Changing stroke rehab and research worldwide now.Time is Brain! trillions and trillions of neurons that DIE each day because there are NO effective hyperacute therapies besides tPA(only 12% effective). I have 523 posts on hyperacute therapy, enough for researchers to spend decades proving them out. These are my personal ideas and blog on stroke rehabilitation and stroke research. Do not attempt any of these without checking with your medical provider.
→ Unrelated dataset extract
(* Let $F:\mathcal C\to\mathcal D$ be a morphism of cylinder categories. Then $F$ is homotopy fully faithful if and only if the following holds: for every cofibration $i:A\hookrightarrow B$ in $\mathcal C$ such that $F(i)$ admits a retraction $r:F(B)\to F(A)$ in $\mathcal D$, there is a retraction $r':B\to A$ of $i$ in $\mathcal C$ such that $F(r')\sim_{F(A)} r$ (homotopic relative to $F(A)$).
   Context: A cylinder category is a category $\mathcal C$ with two classes of morphisms, the cofibrations and the weak equivalences (morphisms in both classes are called trivial cofibrations), such that: (1) both classes contain all isomorphisms and are closed under composition; (2) weak equivalences satisfy 2-out-of-6: if $f,g,h$ are composable and $f\circ g$, $g\circ h$ are weak equivalences then $f,g,h,f\circ g\circ h$ are; (3) $\mathcal C$ has an initial object $0$ and every $0\to X$ is a cofibration; (4) pushouts of cofibrations along arbitrary maps exist and are cofibrations; (5) pushouts of trivial cofibrations are trivial cofibrations; (6) for every object $X$ the codiagonal $X\sqcup X\to X$ factors as a cofibration $X\sqcup X\hookrightarrow IX$ followed by a weak equivalence $IX\to X$; (7) every trivial cofibration admits a retraction. A morphism of cylinder categories is a functor preserving cofibrations, weak equivalences, the initial object and pushouts along cofibrations. For a cofibration $A\hookrightarrow B$, a relative cylinder object is a factorization $B\sqcup_A B\hookrightarrow I_AB\xrightarrow{\sim}B$ of the codiagonal into a cofibration followed by a weak equivalence. Two maps $f,g:B\to X$ with $f|_A=g|_A$ are homotopic relative to $A$, written $f\sim_A g$, if $(f,g):B\sqcup_AB\to X$ extends to $I_AB\to X$ for some relative cylinder object. $F$ is homotopy fully faithful if for every cofibration $i:A\hookrightarrow B$ in $\mathcal C$, every arrow $x:A\to X$ in $\mathcal C$, and every $v:F(B)\to F(X)$ in $\mathcal D$ with $v\circ F(i)=F(x)$, there is $v':B\to X$ in $\mathcal C$ with $v'\circ i=x$ and $F(v')\sim_{F(A)} v$. *)

theory Defs
  imports Main
begin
Unless you join me in agitating, when you need these therapies they won't be there.

What this blog is for:

My blog is not to help survivors recover, it is to have the 10 million yearly stroke survivors light fires underneath their doctors, stroke hospitals and stroke researchers to get stroke solved. 100% recovery. The stroke medical world is completely failing at that goal, they don't even have it as a goal. Shortly after getting out of the hospital and getting NO information on the process or protocols of stroke rehabilitation and recovery I started searching on the internet and found that no other survivor received useful information. This is an attempt to cover all stroke rehabilitation information that should be readily available to survivors so they can talk with informed knowledge to their medical staff. It lays out what needs to be done to get stroke survivors closer to 100% recovery. It's quite disgusting that this information is not available from every stroke association and doctors group.

Saturday, December 21, 2019

Early Stroke Induces Long-Term Impairment of Adult Neurogenesis Accompanied by Hippocampal-Mediated Cognitive Decline

There might be something here, but I don't know. 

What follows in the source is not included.